• Task prompt:
Repeat exactly the lines of the entries below from the one with "using \<open>Z0 \<in>" through the one with "T Z0 Z (zer", both ends included, and nothing else.

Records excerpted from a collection
lemma stable_eq_square_inverse:
  assumes sq: "stable_eq C T X Y0 (cmp C f0 \<phi>3) (cmp C \<phi>4 f)"
    and f: "f \<in> hom C X Y" and h: "f0 \<in> hom C X0 Y0" "\<phi>3 \<in> hom C X X0" "\<phi>4 \<in> hom C Y Y0"
    and \<psi>3: "\<psi>3 \<in> hom C X0 X" "stable_eq C T X0 X0 (cmp C \<phi>3 \<psi>3) (idt C X0)"
    and \<psi>4: "\<psi>4 \<in> hom C Y0 Y" "stable_eq C T Y Y (cmp C \<psi>4 \<phi>4) (idt C Y)"
  shows "stable_eq C T X0 Y (cmp C f \<psi>3) (cmp C \<psi>4 f0)"
proof -
  have "stable_eq C T X0 Y (cmp C (cmp C \<psi>4 \<phi>4) (cmp C f \<psi>3)) (cmp C (idt C Y) (cmp C f \<psi>3))"
    using stable_eq_cmp_right[OF \<psi>4(2), of "cmp C f \<psi>3" X0] f \<psi>3 by simp
  then have "stable_eq C T X0 Y (cmp C f \<psi>3) (cmp C \<psi>4 (cmp C \<phi>4 (cmp C f \<psi>3)))"
    using stable_eq_sym f \<psi>3 h \<psi>4 by simp
  also have "stable_eq C T X0 Y \<dots> (cmp C \<psi>4 (cmp C f0 (cmp C \<phi>3 \<psi>3)))"
    using stable_eq_cmp_left[OF stable_eq_cmp_right[OF stable_eq_sym[OF sq] \<psi>3(1)] \<psi>4(1)]
      f \<psi>3 h \<psi>4 by simp
  also have "stable_eq C T X0 Y \<dots> (cmp C \<psi>4 f0)"
    using stable_eq_cmp_left[OF \<psi>3(2), of "cmp C \<psi>4 f0" Y] \<psi>3 h \<psi>4 by simp
  finally show ?thesis .
qed

lemma T_null_if_T_null_cmp_pullback:
  assumes pb: "is_pullback C X0 Y0 T0 f0 p0 Z0 g0 q0" and pc: "T_precover C T Y0 T0 p0"
    and "Z0 \<in> T" and x: "x \<in> hom C W X0" and "T_null W Y0 (cmp C f0 x)"
  shows "T_null W X0 x"
proof -
  obtain b where "b \<in> hom C W T0" "cmp C f0 x = cmp C p0 b"
    using T_precover_lift[OF pc] \<open>T_null W Y0 (cmp C f0 x)\<close> by blast
  then obtain \<beta> where \<beta>: "\<beta> \<in> hom C W Z0" "cmp C g0 \<beta> = x"
    using pullback_lift[OF pb x] by blast
  have "g0 \<in> hom C Z0 X0" using pb unfolding is_pullback_def by blast
  then show ?thesis
    using T_null_cmp_left[OF T_null_if_cod_in_T[OF \<open>Z0 \<in> T\<close> \<beta>(1)]] \<beta>(2) by blast
qed

text \<open>The strict lift is e' - a r, where f e' - h = p r.\<close>
lemma strict_lift_if_stable_lift:
  assumes pc: "T_precover C T Y TY p" and a: "a \<in> hom C TY X" "cmp C f a = p"
    and f: "f \<in> hom C X Y" and e': "e' \<in> hom C W X" and "stable_eq C T W Y (cmp C f e') h"
  shows "\<exists>e\<in>hom C W X. cmp C f e = h"
proof -
  have h: "h \<in> hom C W Y" using \<open>stable_eq C T W Y (cmp C f e') h\<close> unfolding stable_eq_def by blast
  obtain r where r: "r \<in> hom C W TY" "add C (cmp C f e') (neg C h) = cmp C p r"
    using T_precover_lift[OF pc] \<open>stable_eq C T W Y (cmp C f e') h\<close>
    unfolding stable_eq_iff_T_null by blast
  have p: "p \<in> hom C TY Y" using precover_hom[OF pc] by blast
  have "cmp C f (cmp C a r) = cmp C p r" using cmp_assoc_subst[of a f r p] a f r by simp
  then have "cmp C f (add C e' (neg C (cmp C a r))) = add C (cmp C f e') (neg C (cmp C p r))"
    using a f r e' by simp
  also have "\<dots> = h" using f e' h by (simp flip: r(2))
  finally show ?thesis using e' a r by (intro bexI[of _ "add C e' (neg C (cmp C a r))"]) simp_all
qed

text \<open>Lifting h - id = V U along the precover as p V' U, the map id - t + V' U p is killed
  by p, and V' U p vanishes on K.\<close>
lemma precover_endo_on_kernel:
  assumes pc: "T_precover C T Y TY p" and ker: "is_kernel C TY Y p K k"
    and h: "h \<in> hom C Y Y" "stable_eq C T Y Y h (idt C Y)"
    and t: "t \<in> hom C TY TY" "cmp C p t = cmp C h p"
  shows "\<exists>\<chi>\<in>hom C TY K. cmp C k (cmp C \<chi> k) = add C k (neg C (cmp C t k))"
proof -
  have p: "TY \<in> T" "p \<in> hom C TY Y" using precover_hom[OF pc] by blast+
  have k: "k \<in> hom C K TY" "cmp C p k = zer C K Y" "K \<in> Ob C" using kernel_hom[OF ker] by blast+
  have Ob: "Y \<in> Ob C" "TY \<in> Ob C" using p by auto
  obtain W U V where W: "W \<in> T" "U \<in> hom C Y W" "V \<in> hom C W Y"
      and VU: "add C h (neg C (idt C Y)) = cmp C V U"
    using h unfolding stable_eq_iff_T_null by (blast elim: T_nullE)
  obtain V' where V': "V' \<in> hom C W TY" "V = cmp C p V'"
    using T_precover_lift[OF pc T_null_if_dom_in_T[OF W(1,3)]] by blast
  define z where "z = cmp C V' (cmp C U p)"
  have "cmp C p z = cmp C (cmp C V U) p"
    unfolding z_def using V' W p by simp
  then have pz: "cmp C p z = add C (cmp C h p) (neg C p)"
    using VU[symmetric] h p Ob by simp
  let ?d = "add C (add C (idt C TY) (neg C t)) z"
  have "?d \<in> hom C TY TY" using t p V' W Ob unfolding z_def by simp
  moreover have "cmp C p ?d = zer C TY Y"
    using pz t p h V' W Ob unfolding z_def by simp
  ultimately obtain \<chi> where \<chi>: "\<chi> \<in> hom C TY K" "cmp C k \<chi> = ?d"
    using kernel_lift[OF ker] by blast
  have "cmp C z k = zer C K TY" unfolding z_def using k V' W p Ob by simp
  then have "cmp C k (cmp C \<chi> k) = add C k (neg C (cmp C t k))"
    using cmp_assoc_subst[of \<chi> k k] \<chi> k t V' W p Ob unfolding z_def by simp
  then show ?thesis using \<chi>(1) by blast
qed

lemma std_left_triangle_hom:
  assumes "std_left_triangle C T K Z X Y w g f"
  shows "w \<in> hom C K Z" "g \<in> hom C Z X" "f \<in> hom C X Y"
  using assms unfolding std_left_triangle_def is_pullback_def by blast+

text \<open>In a left triangle K \<rightarrow> 0 \<rightarrow> X \<rightarrow> Y the map f is a monomorphism of the stable
  category: f0 \<phi>3 x is T-null, so \<phi>3 x lifts through the pullback Z0 \<in> T.\<close>
lemma T_null_if_annihilated:
  assumes std: "std_left_triangle C T K0 Z0 X0 Y0 w0 g0 f0" and "Z0 \<in> T"
    and \<phi>3: "\<phi>3 \<in> hom C X X0" and \<psi>3: "\<psi>3 \<in> hom C X0 X" "stable_eq C T X X (cmp C \<psi>3 \<phi>3) (idt C X)"
    and \<phi>4: "\<phi>4 \<in> hom C Y Y0" and sq: "stable_eq C T X Y0 (cmp C f0 \<phi>3) (cmp C \<phi>4 f)"
    and f: "f \<in> hom C X Y" and x: "x \<in> hom C W X" "cmp C f x = zer C W Y"
  shows "T_null W X x"
proof -
  obtain T0 p0 k0 q0 where pc0: "T_precover C T Y0 T0 p0"
    and pb: "is_pullback C X0 Y0 T0 f0 p0 Z0 g0 q0"
    using std unfolding std_left_triangle_def by blast
  have f0: "f0 \<in> hom C X0 Y0" using std_left_triangle_hom[OF std] by blast
  have Ob: "W \<in> Ob C" "Y0 \<in> Ob C" using x f0 by auto
  have "stable_eq C T W Y0 (cmp C (cmp C f0 \<phi>3) x) (cmp C (cmp C \<phi>4 f) x)"
    using stable_eq_cmp_right[OF sq x(1)] .
  then have "stable_eq C T W Y0 (cmp C f0 (cmp C \<phi>3 x)) (zer C W Y0)"
    using f0 \<phi>3 \<phi>4 f x Ob by simp
  then have "T_null W Y0 (cmp C f0 (cmp C \<phi>3 x))" using stable_eq_T_null T_null_zer Ob by blast
  moreover have "cmp C \<phi>3 x \<in> hom C W X0" using \<phi>3 x by simp
  ultimately have "T_null W X0 (cmp C \<phi>3 x)"
    using T_null_if_T_null_cmp_pullback[OF pb pc0 \<open>Z0 \<in> T\<close>] by blast
  then have "T_null W X (cmp C \<psi>3 (cmp C \<phi>3 x))" using T_null_cmp_left \<psi>3(1) by blast
  moreover have "stable_eq C T W X (cmp C (cmp C \<psi>3 \<phi>3) x) (cmp C (idt C X) x)"
    using stable_eq_cmp_right[OF \<psi>3(2) x(1)] .
  then have "stable_eq C T W X x (cmp C \<psi>3 (cmp C \<phi>3 x))"
    using stable_eq_sym \<phi>3 \<psi>3(1) x by simp
  ultimately show ?thesis using stable_eq_T_null by blast
qed

lemma stable_iso_idt: "X \<in> Ob C \<Longrightarrow> stable_iso C T X X (idt C X)"
  unfolding stable_iso_def using stable_eq_refl[of "idt C X" X X] by auto

lemma stable_iso_zer_if_in_T: "A \<in> T \<Longrightarrow> B \<in> T \<Longrightarrow> stable_iso C T A B (zer C A B)"
  unfolding stable_iso_def using T_Ob
  by (intro conjI bexI[of _ "zer C B A"] stable_eq_if_T) auto

lemma left_triangle_if_std_middle_in_T:
  assumes std: "std_left_triangle C T K Z X Y w g f" and "Z \<in> T" and Z0: "zero_obj C Z0"
  shows "left_triangle C T K Z0 X Y (zer C K Z0) (zer C Z0 X) f"
proof -
  have h: "w \<in> hom C K Z" "g \<in> hom C Z X" "f \<in> hom C X Y"
    using std_left_triangle_hom[OF std] by blast+
  have "Z0 \<in> T" using Z0 closed unfolding closed_additive_subcat_def by blast
  then have Ob: "Z0 \<in> Ob C" "Z \<in> Ob C" "K \<in> Ob C" "X \<in> Ob C" "Y \<in> Ob C"
    using T_Ob h by auto
  have sq1: "stable_eq C T K Z (cmp C w (idt C K)) (cmp C (zer C Z0 Z) (zer C K Z0))"
    using \<open>Z \<in> T\<close> h Ob by (intro stable_eq_if_T) simp_all
  have sq2: "stable_eq C T Z0 X (cmp C g (zer C Z0 Z)) (cmp C (idt C X) (zer C Z0 X))"
    using \<open>Z0 \<in> T\<close> h Ob by (intro stable_eq_if_T) simp_all
  have sq3: "stable_eq C T X Y (cmp C f (idt C X)) (cmp C (idt C Y) f)"
    using stable_eq_refl[OF h(3)] h by simp
  have "stable_iso C T Z0 Z (zer C Z0 Z)"
    using stable_iso_zer_if_in_T \<open>Z \<in> T\<close> \<open>Z0 \<in> T\<close> by blast
  moreover have "stable_iso C T K K (idt C K)" "stable_iso C T X X (idt C X)" "stable_iso C T Y Y (idt C Y)"
    using stable_iso_idt Ob by blast+
  moreover have "zer C K Z0 \<in> hom C K Z0" "zer C Z0 X \<in> hom C Z0 X" using Ob by simp_all
  ultimately show ?thesis
    unfolding left_triangle_def using std sq1 sq2 sq3 h by blast
qed

end

locale abelian_stable_cat = stable_cat +
  assumes abelian: "abelian C"
begin

lemma kernel_ex: "f \<in> hom C X Y \<Longrightarrow> \<exists>K k. is_kernel C X Y f K k"
  using abelian unfolding abelian_def by blast

text \<open>A retraction v of u : A \<rightarrow> W splits W as A \<oplus> ker v, so closure of T under summands applies.\<close>
lemma in_T_if_idt_T_null:
  assumes null: "T_null A A (idt C A)" and A: "A \<in> Ob C"
  shows "A \<in> T"
proof -
  obtain W u v where W: "W \<in> T" "u \<in> hom C A W" "v \<in> hom C W A" and "idt C A = cmp C v u"
    using null by (rule T_nullE)
  then have vu_id: "cmp C v u = idt C A" by simp
  have WO: "W \<in> Ob C" using W T_Ob by blast
  obtain K k where ker: "is_kernel C W A v K k" using kernel_ex W by blast
  have kh: "k \<in> hom C K W" "cmp C v k = zer C K A" "K \<in> Ob C" using kernel_hom[OF ker] by blast+
  define e where "e = add C (idt C W) (neg C (cmp C u v))"
  have eh: "e \<in> hom C W W" unfolding e_def using W WO by simp
  have vu: "cmp C v (cmp C u x) = x" if "x \<in> hom C X0 A" for x X0
    using cmp_assoc_subst[of u v x "idt C A"] W vu_id that A by simp
  have ve: "cmp C v e = zer C W A" unfolding e_def using W WO A vu[of v] by simp
  obtain r where r: "r \<in> hom C W K" "cmp C k r = e" using kernel_lift[OF ker eh ve] by blast
  have kr: "cmp C k (cmp C r x) = cmp C e x" if "x \<in> hom C X0 W" for x X0
    using cmp_assoc_subst[of r k x e] r kh that by simp
  have vk: "cmp C v (cmp C k x) = zer C X0 A" if "x \<in> hom C X0 K" for x X0
    using cmp_assoc_subst[of k v x "zer C K A"] kh W that A by simp
  have rk: "cmp C r k = idt C K"
  proof (rule kernel_cancel[OF ker])
    show "cmp C r k \<in> hom C K K" "idt C K \<in> hom C K K" using r kh by simp_all
    have "cmp C k (cmp C r k) = cmp C e k" using kr[of k] kh by simp
    also have "\<dots> = k" unfolding e_def using kh W WO vk[of "idt C K"] A by simp
    finally show "cmp C k (cmp C r k) = cmp C k (idt C K)" using kh by simp
  qed
  have ru: "cmp C r u = zer C A K"
  proof (rule kernel_cancel[OF ker])
    show "cmp C r u \<in> hom C A K" "zer C A K \<in> hom C A K" using r kh W A by simp_all
    have "cmp C k (cmp C r u) = cmp C e u" using kr[of u] W by simp
    also have "\<dots> = zer C A W" unfolding e_def using W WO vu[of "idt C A"] A
      by (simp add: vu_id)
    finally show "cmp C k (cmp C r u) = cmp C k (zer C A K)" using kh A W by simp
  qed
  have "add C (cmp C u v) (cmp C k r) = idt C W"
    using r W WO unfolding e_def by (simp add: add_comm add_left_comm)
  then have "is_biproduct C A K W u k v r"
    unfolding is_biproduct_def using W vu_id WO kh r rk ru A by simp
  then show ?thesis using biproduct_in_T_iff W by blast
qed

lemma in_T_if_stable_iso_from_T:
  assumes "A \<in> T" "stable_iso C T A B \<phi>"
  shows "B \<in> T"
proof -
  obtain b where \<phi>: "\<phi> \<in> hom C A B" and b: "b \<in> hom C B A" "stable_eq C T B B (cmp C \<phi> b) (idt C B)"
    using assms(2) unfolding stable_iso_def by blast
  have "T_null B B (cmp C \<phi> b)"
    using T_null_cmp_left[OF T_null_if_cod_in_T[OF assms(1) b(1)] \<phi>] .
  then have "T_null B B (idt C B)" using stable_eq_T_null[OF stable_eq_sym[OF b(2)]] by blast
  then show ?thesis using in_T_if_idt_T_null b(1) by auto
qed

• Solution to the problem:
    using \<open>Z0 \<in> T\<close> h Ob by (intro stable_eq_if_T) simp_all
  have sq3: "stable_eq C T X Y (cmp C f (idt C X)) (cmp C (idt C Y) f)"
    using stable_eq_refl[OF h(3)] h by simp
  have "stable_iso C T Z0 Z (zer C Z0 Z)"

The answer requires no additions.